Veggie Burger

This burger is super nutritious and tastes great too-  the kids wont be complaining about eating veggies with this lunch idea!

INGREDIENTS:

  • 120g pumpkin
  • 1/2 400g can kidney beans
  • 100g firm tofu
  • 1 spring onion
  • 1 clove garlic, crushed
  • 1 cup mushrooms, finely chopped
  • 1/4 teaspoon celery salt
  • 1 teaspoon smoked paprika
  • 2 crusty bread rolls or burger buns cut in half
  • 2 teaspoons Tablelands Dairy Free Buttery Spread or Tablelands Reduce Cholesterol Spread
  • 1 cos lettuce, leaves separated, washed and dried
  • 1 tomato, sliced
  • Grated beetroot
  • 1 cucumber, sliced
  • Tomato relish, to serve

METHOD:

  1. Pre-heat oven to 220°C/200°C fan-forced.

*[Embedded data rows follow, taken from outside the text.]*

(* Let $x_1,\dots,x_n\in\mathbb{R}^2$ satisfy $x_i\prec x_j$ whenever $i<j$, and let $p\ge2$. For $k\in\{2,\dots,p\}$ and $i\in\{k,\dots,n\}$, let $C^{MM}_{k,i}$ be the optimal value of the Max-Min $k$-dispersion problem among the points $x_1,\dots,x_i$, i.e. $C^{MM}_{k,i}=\max_{1\le i_1<\dots<i_k\le i}\min_{1\le a<b\le k}d_{i_a,i_b}$. Then $C^{MM}_{2,i}=d_{1,i}$ for all $i\in\{2,\dots,n\}$, and for all $k\in\{3,\dots,p\}$ and $i\in\{k,\dots,n\}$, $$C^{MM}_{k,i}=\max_{j\in\{k-1,\dots,i-1\}}\min\left(C^{MM}_{k-1,j},\,d_{j,i}\right).$$
   Context: For $y=(y^1,y^2),z=(z^1,z^2)\in\mathbb{R}^2$ write $y\prec z$ iff $y^1<z^1$ and $y^2>z^2$. Fix $\alpha>0$, let $d$ be the Euclidean distance, and set $d_{ij}=d(x_i,x_j)^\alpha$. *)

theory Defs
  imports "HOL-Analysis.Analysis"
begin

definition prec :: "real^2 \<Rightarrow> real^2 \<Rightarrow> bool" where
  "prec y z \<longleftrightarrow> y$1 < z$1 \<and> y$2 > z$2"

definition dd :: "real \<Rightarrow> (nat \<Rightarrow> real^2) \<Rightarrow> nat \<Rightarrow> nat \<Rightarrow> real" where
  "dd \<alpha> x i j = dist (x i) (x j) powr \<alpha>"

definition CMM :: "real \<Rightarrow> (nat \<Rightarrow> real^2) \<Rightarrow> nat \<Rightarrow> nat \<Rightarrow> real" where
  "CMM \<alpha> x k i = Max ((\<lambda>S. Min {dd \<alpha> x a b | a b. a \<in> S \<and> b \<in> S \<and> a < b})
                       ` {S. S \<subseteq> {1..i} \<and> card S = k})"

end

theory Submission
  imports Defs
begin

text \<open>Along a \<open>\<prec>\<close>-chain the points move right and down, so consecutive
  displacements have positive inner product; hence widening a pair of indices \<open>a < b\<close> to
  \<open>a' \<le> a < b \<le> b'\<close> never decreases \<open>d\<close>. For a \<open>k\<close>-subset \<open>S\<close> with two largest elements
  \<open>j < m\<close>, the pairs of \<open>S\<close> are those of \<open>S - {m}\<close> (a \<open>(k-1)\<close>-subset of \<open>{1..j}\<close>) together
  with pairs \<open>(a, m)\<close>, whose smallest value is \<open>d j m \<le> d j i\<close>. Conversely, adding \<open>i\<close> to an
  optimal \<open>(k-1)\<close>-subset of \<open>{1..j}\<close> creates only pairs \<open>(a, i)\<close> with \<open>d a i \<ge> d j i\<close>.
  The same monotonicity gives \<open>C\<^sub>2\<^sub>,\<^sub>i = d\<^sub>1\<^sub>,\<^sub>i\<close>.\<close>

lemma dist_le_dist_if_inner_nonneg:
  fixes a b c :: "'a::real_inner"
  assumes "0 \<le> inner (b - a) (c - b)"
  shows "dist a b \<le> dist a c" and "dist b c \<le> dist a c"
proof -
  have "b - a + (c - b) = c - a"
    by simp
  then have "inner (b - a) (c - b) = ((dist c a)\<^sup>2 - (dist b a)\<^sup>2 - (dist c b)\<^sup>2) / 2"
    unfolding dist_norm by (simp only: dot_norm)
  then have "(dist c a)\<^sup>2 = (dist b a)\<^sup>2 + (dist c b)\<^sup>2 + 2 * inner (b - a) (c - b)"
    by (simp add: field_simps)
  then have "(dist b a)\<^sup>2 \<le> (dist c a)\<^sup>2" and "(dist c b)\<^sup>2 \<le> (dist c a)\<^sup>2"
    using assms zero_le_power2[of "dist b a"] zero_le_power2[of "dist c b"] by linarith+
  then have "dist b a \<le> dist c a" and "dist c b \<le> dist c a"
    using power2_le_imp_le zero_le_dist by blast+
  then show "dist a b \<le> dist a c" and "dist b c \<le> dist a c"
    by (simp_all only: dist_commute)
qed

lemma inner_pos_if_prec:
  assumes "prec a b" and "prec b c"
  shows "0 < inner (b - a) (c - b)"
proof -
  have "0 < (b$1 - a$1) * (c$1 - b$1)" and "0 < (b$2 - a$2) * (c$2 - b$2)"
    using assms by (auto simp: prec_def intro: mult_neg_neg)
  then show ?thesis
    by (simp add: inner_vec_def sum_2)
qed

definition span_mono :: "nat \<Rightarrow> (nat \<Rightarrow> nat \<Rightarrow> 'a::linorder) \<Rightarrow> bool" where
  "span_mono n d \<longleftrightarrow>
     (\<forall>a' a b b'. 1 \<le> a' \<and> a' \<le> a \<and> a < b \<and> b \<le> b' \<and> b' \<le> n \<longrightarrow> d a b \<le> d a' b')"

lemma span_monoD:
  "span_mono n d \<Longrightarrow> 1 \<le> a' \<Longrightarrow> a' \<le> a \<Longrightarrow> a < b \<Longrightarrow> b \<le> b' \<Longrightarrow> b' \<le> n \<Longrightarrow>
    d a b \<le> d a' b'"
  unfolding span_mono_def by blast

lemma dist_le_dist_if_prec_chain:
  assumes "prec a b" and "prec b c"
  shows "dist a b \<le> dist a c" and "dist b c \<le> dist a c"
  using less_imp_le[OF inner_pos_if_prec[OF assms]] by (rule dist_le_dist_if_inner_nonneg)+

lemma span_mono_dd:
  assumes "0 < \<alpha>" and chain: "\<And>i j. 1 \<le> i \<Longrightarrow> i < j \<Longrightarrow> j \<le> n \<Longrightarrow> prec (x i) (x j)"
  shows "span_mono n (dd \<alpha> x)"
  unfolding span_mono_def
proof (intro allI impI, elim conjE)
  fix a' a b b' :: nat
  assume "1 \<le> a'" "a' \<le> a" "a < b" "b \<le> b'" "b' \<le> n"
  have "dist (x a) (x b) \<le> dist (x a') (x b)"
  proof (cases "a' = a")
    case False
    have "prec (x a') (x a)" "prec (x a) (x b)"
      using False \<open>1 \<le> a'\<close> \<open>a' \<le> a\<close> \<open>a < b\<close> \<open>b \<le> b'\<close> \<open>b' \<le> n\<close>
      by (simp_all add: chain)
    then show ?thesis
      by (rule dist_le_dist_if_prec_chain(2))
  qed simp
  also have "\<dots> \<le> dist (x a') (x b')"
  proof (cases "b = b'")
    case False
    have "prec (x a') (x b)" "prec (x b) (x b')"
      using False \<open>1 \<le> a'\<close> \<open>a' \<le> a\<close> \<open>a < b\<close> \<open>b \<le> b'\<close> \<open>b' \<le> n\<close>
      by (simp_all add: chain)
    then show ?thesis
      by (rule dist_le_dist_if_prec_chain(1))
  qed simp
  finally show "dd \<alpha> x a b \<le> dd \<alpha> x a' b'"
    unfolding dd_def using \<open>0 < \<alpha>\<close> by (simp add: powr_mono2)
qed

lemma card_ge_2_obtains_less:
  fixes S :: "'a::linorder set"
  assumes "2 \<le> card S"
  obtains a b where "a \<in> S" "b \<in> S" "a < b"
proof -
  have "finite S" "S \<noteq> {}"
    using assms by (auto intro: card_ge_0_finite)
  have "Min S \<noteq> Max S"
  proof
    assume "Min S = Max S"
    then have "S \<subseteq> {Min S}"
      using Min_le[OF \<open>finite S\<close>] Max_ge[OF \<open>finite S\<close>] by (force intro: antisym)
    then show False
      using assms card_mono[of "{Min S}" S] by simp
  qed
  then show ?thesis
    using that[of "Min S" "Max S"] \<open>finite S\<close> \<open>S \<noteq> {}\<close> by (simp add: order_neq_le_trans)
qed

definition pair_values :: "(nat \<Rightarrow> nat \<Rightarrow> 'a) \<Rightarrow> nat set \<Rightarrow> 'a set" where
  "pair_values d S = {d a b | a b. a \<in> S \<and> b \<in> S \<and> a < b}"

definition dispersion :: "(nat \<Rightarrow> nat \<Rightarrow> 'a::linorder) \<Rightarrow> nat \<Rightarrow> nat \<Rightarrow> 'a" where
  "dispersion d k i = Max ((\<lambda>S. Min (pair_values d S)) ` {S. S \<subseteq> {1..i} \<and> card S = k})"

lemma CMM_eq_dispersion: "CMM \<alpha> x k i = dispersion (dd \<alpha> x) k i"
  unfolding CMM_def dispersion_def pair_values_def ..

lemma finite_pair_values: "finite S \<Longrightarrow> finite (pair_values d S)"
  unfolding pair_values_def
  by (rule finite_subset[of _ "(\<lambda>(a, b). d a b) ` (S \<times> S)"]) auto

lemma pair_values_mono: "T \<subseteq> S \<Longrightarrow> pair_values d T \<subseteq> pair_values d S"
  unfolding pair_values_def by blast

lemma Min_pair_values_le:
  "finite S \<Longrightarrow> a \<in> S \<Longrightarrow> b \<in> S \<Longrightarrow> a < b \<Longrightarrow> Min (pair_values d S) \<le> d a b"
  using finite_pair_values[of S d] by (intro Min_le) (auto simp: pair_values_def)

lemma pair_values_nonempty: "2 \<le> card S \<Longrightarrow> pair_values d S \<noteq> {}"
  unfolding pair_values_def by (elim card_ge_2_obtains_less) blast

lemma finite_subsets_card: "finite {S. S \<subseteq> {1..i::nat} \<and> card S = k}"
  by (rule finite_subset[of _ "Pow {1..i}"]) auto

lemma dispersion_ge:
  "S \<subseteq> {1..i} \<Longrightarrow> card S = k \<Longrightarrow> Min (pair_values d S) \<le> dispersion d k i"
  unfolding dispersion_def by (rule Max_ge) (auto simp: finite_subsets_card)

lemma dispersion_attained:
  assumes "k \<le> i"
  obtains S where "S \<subseteq> {1..i}" "card S = k" "dispersion d k i = Min (pair_values d S)"
proof -
  have k_subset: "{1..k} \<in> {S. S \<subseteq> {1..i} \<and> card S = k}"
    using assms by auto
  have "dispersion d k i \<in> (\<lambda>S. Min (pair_values d S)) ` {S. S \<subseteq> {1..i} \<and> card S = k}"
    unfolding dispersion_def
    by (intro Max_in finite_imageI finite_subsets_card) (use k_subset in blast)
  then show ?thesis
    using that by blast
qed

lemma dispersion_two:
  assumes mono: "span_mono n d" and "2 \<le> i" "i \<le> n"
  shows "dispersion d 2 i = d 1 i"
proof (rule antisym)
  obtain S where S: "S \<subseteq> {1..i}" "card S = 2" and opt: "dispersion d 2 i = Min (pair_values d S)"
    using dispersion_attained \<open>2 \<le> i\<close> by blast
  have "finite S"
    using S(1) by (rule finite_subset) simp
  obtain a b where "a \<in> S" "b \<in> S" "a < b"
    by (rule card_ge_2_obtains_less[of S]) (use S in auto)
  then have "dispersion d 2 i \<le> d a b"
    using opt \<open>finite S\<close> by (simp add: Min_pair_values_le)
  also have "\<dots> \<le> d 1 i"
    using \<open>a \<in> S\<close> \<open>b \<in> S\<close> \<open>a < b\<close> S \<open>i \<le> n\<close> by (intro span_monoD[OF mono]) auto
  finally show "dispersion d 2 i \<le> d 1 i" .
next
  have "1 < i"
    using \<open>2 \<le> i\<close> by simp
  have "pair_values d {1, i} = {d 1 i}"
  proof
    show "pair_values d {1, i} \<subseteq> {d 1 i}"
      using \<open>1 < i\<close> unfolding pair_values_def by auto
    show "{d 1 i} \<subseteq> pair_values d {1, i}"
      using \<open>1 < i\<close> unfolding pair_values_def by blast
  qed
  then show "d 1 i \<le> dispersion d 2 i"
    using dispersion_ge[of "{1, i}" i 2 d] \<open>1 < i\<close> by simp
qed

lemma Min_pair_values_le_step:
  assumes mono: "span_mono n d" and "3 \<le> k" "i \<le> n"
    and S: "S \<subseteq> {1..i}" "card S = k"
  shows "\<exists>j\<in>{k - 1..i - 1}. Min (pair_values d S) \<le> min (dispersion d (k - 1) j) (d j i)"
proof -
  have "finite S" "S \<noteq> {}"
    using S \<open>3 \<le> k\<close> by (auto intro: finite_subset[OF _ finite_atLeastAtMost])
  define m where "m = Max S"
  define T where "T = S - {m}"
  have "m \<in> S" "T \<subseteq> S"
    unfolding m_def T_def using \<open>finite S\<close> \<open>S \<noteq> {}\<close> by auto
  have "finite T" "card T = k - 1"
    unfolding T_def using \<open>finite S\<close> \<open>m \<in> S\<close> S by auto
  then have "T \<noteq> {}"
    using \<open>3 \<le> k\<close> by auto
  define j where "j = Max T"
  have "j \<in> T"
    unfolding j_def using \<open>finite T\<close> \<open>T \<noteq> {}\<close> by simp
  have "j \<le> m"
    using \<open>j \<in> T\<close> \<open>T \<subseteq> S\<close> \<open>finite S\<close> unfolding m_def by auto
  then have "j < m"
    using \<open>j \<in> T\<close> unfolding T_def by auto
  have T_sub: "T \<subseteq> {1..j}"
  proof
    fix t assume "t \<in> T"
    then have "t \<le> j" "1 \<le> t"
      using \<open>finite T\<close> \<open>T \<subseteq> S\<close> S unfolding j_def by auto
    then show "t \<in> {1..j}"
      by simp
  qed
  have "k - 1 \<le> j"
    using card_mono[OF _ T_sub] \<open>card T = k - 1\<close> by simp
  moreover have "m \<le> i"
    using \<open>m \<in> S\<close> S by auto
  ultimately have j_range: "j \<in> {k - 1..i - 1}"
    using \<open>j < m\<close> by auto
  have "Min (pair_values d S) \<le> Min (pair_values d T)"
    using \<open>T \<subseteq> S\<close> \<open>card T = k - 1\<close> \<open>3 \<le> k\<close> \<open>finite S\<close>
    by (intro Min_antimono pair_values_mono pair_values_nonempty finite_pair_values) auto
  also have "\<dots> \<le> dispersion d (k - 1) j"
    using T_sub \<open>card T = k - 1\<close> by (rule dispersion_ge)
  finally have "Min (pair_values d S) \<le> dispersion d (k - 1) j" .
  moreover have "Min (pair_values d S) \<le> d j m"
    using \<open>finite S\<close> \<open>j \<in> T\<close> \<open>T \<subseteq> S\<close> \<open>m \<in> S\<close> \<open>j < m\<close>
    by (intro Min_pair_values_le) auto
  moreover have "d j m \<le> d j i"
    using \<open>j \<in> T\<close> T_sub \<open>j < m\<close> \<open>m \<le> i\<close> \<open>i \<le> n\<close> by (intro span_monoD[OF mono]) auto
  ultimately show ?thesis
    using j_range by (meson min.boundedI order_trans)
qed

lemma step_le_dispersion:
  assumes mono: "span_mono n d" and "2 \<le> k" "i \<le> n" and j: "j \<in> {k - 1..i - 1}"
  shows "min (dispersion d (k - 1) j) (d j i) \<le> dispersion d k i"
proof -
  obtain T where T: "T \<subseteq> {1..j}" "card T = k - 1"
    and opt: "dispersion d (k - 1) j = Min (pair_values d T)"
    by (rule dispersion_attained[of "k - 1" j d]) (use j in auto)
  have "finite T" "j < i"
    using T j \<open>2 \<le> k\<close> by (auto intro: finite_subset[OF _ finite_atLeastAtMost])
  then have "i \<notin> T"
    using T by auto
  define S where "S = insert i T"
  have "finite S" "card S = k" "S \<subseteq> {1..i}"
    unfolding S_def using T \<open>finite T\<close> \<open>i \<notin> T\<close> \<open>j < i\<close> \<open>2 \<le> k\<close> by auto
  have "min (dispersion d (k - 1) j) (d j i) \<le> v" if "v \<in> pair_values d S" for v
  proof -
    obtain a b where ab: "a \<in> S" "b \<in> S" "a < b" "v = d a b"
      using \<open>v \<in> pair_values d S\<close> unfolding pair_values_def by auto
    show ?thesis
    proof (cases "b = i")
      case True
      then have "a \<in> T"
        using ab S_def by auto
      then have "d j i \<le> d a b"
        using T ab True \<open>j < i\<close> \<open>i \<le> n\<close> by (intro span_monoD[OF mono]) auto
      then show ?thesis
        using ab by (simp add: min.coboundedI2)
    next
      case False
      then have "a \<in> T" "b \<in> T"
        using ab T \<open>j < i\<close> unfolding S_def by auto
      then have "dispersion d (k - 1) j \<le> v"
        using opt ab \<open>finite T\<close> by (simp add: Min_pair_values_le)
      then show ?thesis
        by (rule min.coboundedI1)
    qed
  qed
  then have "min (dispersion d (k - 1) j) (d j i) \<le> Min (pair_values d S)"
    using \<open>finite S\<close> \<open>card S = k\<close> \<open>2 \<le> k\<close>
    by (simp add: Min_ge_iff finite_pair_values pair_values_nonempty)
  also have "\<dots> \<le> dispersion d k i"
    using \<open>S \<subseteq> {1..i}\<close> \<open>card S = k\<close> by (rule dispersion_ge)
  finally show ?thesis .
qed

Cut pumpkin into thin slices, place in a single layer in a baking dish and spray with oil. Roast for 15 to 20 minutes or until tender.
  2. In a large bowl, mash beans and tofu and add spring onion, garlic, mushrooms, celery salt and smoked paprika. Mix well with your hands and form into two large patties.
  3. Spray a medium frying pan with oil and set over a medium heat. Cook patties, turning until brown. Place patties in a pre-heated oven for 10 minutes to finish cooking. Set aside to cool and firm up.
  4. Toast the rolls and spread with Tablelands Dairy Free Buttery Spread.
  5. Top with lettuce, vegan burger, tomato, roast pumpkin, beetroot and cucumber.
  6. Dollop the tomato relish on top and serve.